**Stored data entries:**
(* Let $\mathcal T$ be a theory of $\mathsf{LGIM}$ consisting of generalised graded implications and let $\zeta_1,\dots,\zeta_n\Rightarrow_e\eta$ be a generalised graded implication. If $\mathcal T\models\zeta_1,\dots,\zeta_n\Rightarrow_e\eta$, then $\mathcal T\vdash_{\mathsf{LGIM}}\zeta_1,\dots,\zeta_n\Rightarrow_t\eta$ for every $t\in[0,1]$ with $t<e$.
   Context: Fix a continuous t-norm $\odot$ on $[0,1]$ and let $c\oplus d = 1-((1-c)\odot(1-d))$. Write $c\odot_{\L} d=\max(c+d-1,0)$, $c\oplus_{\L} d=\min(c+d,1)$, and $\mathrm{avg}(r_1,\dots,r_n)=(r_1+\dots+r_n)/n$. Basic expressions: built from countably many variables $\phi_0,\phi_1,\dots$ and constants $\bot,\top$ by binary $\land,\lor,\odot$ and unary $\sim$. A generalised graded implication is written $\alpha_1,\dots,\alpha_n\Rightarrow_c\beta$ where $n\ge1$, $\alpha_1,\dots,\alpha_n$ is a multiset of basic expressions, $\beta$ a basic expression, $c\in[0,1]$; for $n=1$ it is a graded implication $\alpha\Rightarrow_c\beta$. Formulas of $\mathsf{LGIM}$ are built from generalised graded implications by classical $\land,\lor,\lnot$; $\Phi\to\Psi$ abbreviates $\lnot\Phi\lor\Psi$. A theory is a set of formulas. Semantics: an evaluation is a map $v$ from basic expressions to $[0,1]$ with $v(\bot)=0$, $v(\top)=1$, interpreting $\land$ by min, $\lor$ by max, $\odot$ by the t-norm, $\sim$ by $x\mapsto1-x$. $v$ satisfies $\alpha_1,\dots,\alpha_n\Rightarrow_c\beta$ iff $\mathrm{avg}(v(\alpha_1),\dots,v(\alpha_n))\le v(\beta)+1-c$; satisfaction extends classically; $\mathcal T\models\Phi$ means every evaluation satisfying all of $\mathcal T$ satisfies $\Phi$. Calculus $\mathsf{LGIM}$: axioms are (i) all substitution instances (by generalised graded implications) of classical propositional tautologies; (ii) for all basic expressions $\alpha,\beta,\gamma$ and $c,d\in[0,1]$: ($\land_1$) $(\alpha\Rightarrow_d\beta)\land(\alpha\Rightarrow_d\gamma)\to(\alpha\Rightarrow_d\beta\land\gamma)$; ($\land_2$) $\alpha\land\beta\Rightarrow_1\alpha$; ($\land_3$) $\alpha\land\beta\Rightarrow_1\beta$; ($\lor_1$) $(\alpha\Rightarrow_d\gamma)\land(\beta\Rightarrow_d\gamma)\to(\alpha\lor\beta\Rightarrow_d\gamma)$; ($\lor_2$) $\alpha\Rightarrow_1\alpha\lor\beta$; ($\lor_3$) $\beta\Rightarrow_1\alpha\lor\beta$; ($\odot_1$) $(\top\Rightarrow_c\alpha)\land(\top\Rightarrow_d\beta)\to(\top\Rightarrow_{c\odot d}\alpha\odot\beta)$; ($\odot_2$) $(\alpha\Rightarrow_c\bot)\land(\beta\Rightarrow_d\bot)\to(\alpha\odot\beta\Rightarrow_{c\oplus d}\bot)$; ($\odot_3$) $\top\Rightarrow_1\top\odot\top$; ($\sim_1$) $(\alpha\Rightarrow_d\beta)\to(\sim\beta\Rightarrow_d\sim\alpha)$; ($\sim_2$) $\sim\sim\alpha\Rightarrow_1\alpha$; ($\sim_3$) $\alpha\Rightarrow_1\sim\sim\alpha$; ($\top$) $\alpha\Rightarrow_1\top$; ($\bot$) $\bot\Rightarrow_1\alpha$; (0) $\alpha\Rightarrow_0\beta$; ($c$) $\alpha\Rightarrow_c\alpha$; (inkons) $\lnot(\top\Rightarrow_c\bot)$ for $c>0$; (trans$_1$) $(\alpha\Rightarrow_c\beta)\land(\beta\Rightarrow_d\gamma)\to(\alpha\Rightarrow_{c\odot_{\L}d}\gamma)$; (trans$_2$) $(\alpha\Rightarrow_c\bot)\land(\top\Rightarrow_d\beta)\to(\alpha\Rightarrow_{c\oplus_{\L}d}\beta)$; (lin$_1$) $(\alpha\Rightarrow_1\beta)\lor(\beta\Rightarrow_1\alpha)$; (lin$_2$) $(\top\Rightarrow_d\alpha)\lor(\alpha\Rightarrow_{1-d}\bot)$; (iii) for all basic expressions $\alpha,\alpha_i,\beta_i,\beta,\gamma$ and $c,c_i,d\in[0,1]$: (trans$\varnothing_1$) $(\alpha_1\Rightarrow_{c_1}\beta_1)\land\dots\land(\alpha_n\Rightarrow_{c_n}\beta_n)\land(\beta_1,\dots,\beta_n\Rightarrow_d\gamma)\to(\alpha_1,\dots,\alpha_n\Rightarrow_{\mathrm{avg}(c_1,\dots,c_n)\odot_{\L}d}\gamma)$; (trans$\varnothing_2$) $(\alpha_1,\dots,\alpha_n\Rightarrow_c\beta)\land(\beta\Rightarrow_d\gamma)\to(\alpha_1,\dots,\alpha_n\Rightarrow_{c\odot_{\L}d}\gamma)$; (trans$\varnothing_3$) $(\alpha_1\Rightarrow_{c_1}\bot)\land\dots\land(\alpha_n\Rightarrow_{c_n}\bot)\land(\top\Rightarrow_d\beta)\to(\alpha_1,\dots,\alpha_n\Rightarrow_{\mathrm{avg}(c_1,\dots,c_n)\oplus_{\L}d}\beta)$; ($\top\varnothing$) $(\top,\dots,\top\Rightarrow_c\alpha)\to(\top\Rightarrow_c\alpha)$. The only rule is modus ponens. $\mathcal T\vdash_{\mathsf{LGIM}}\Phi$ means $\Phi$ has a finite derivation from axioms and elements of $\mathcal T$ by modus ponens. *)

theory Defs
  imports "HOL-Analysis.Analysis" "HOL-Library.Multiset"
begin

**What is being asked:**
Nothing but the lines from the line containing "theory Defs" through the final line of the entries should appear in your answer, copied exactly.

**Task output:**
theory Defs
  imports "HOL-Analysis.Analysis" "HOL-Library.Multiset"
begin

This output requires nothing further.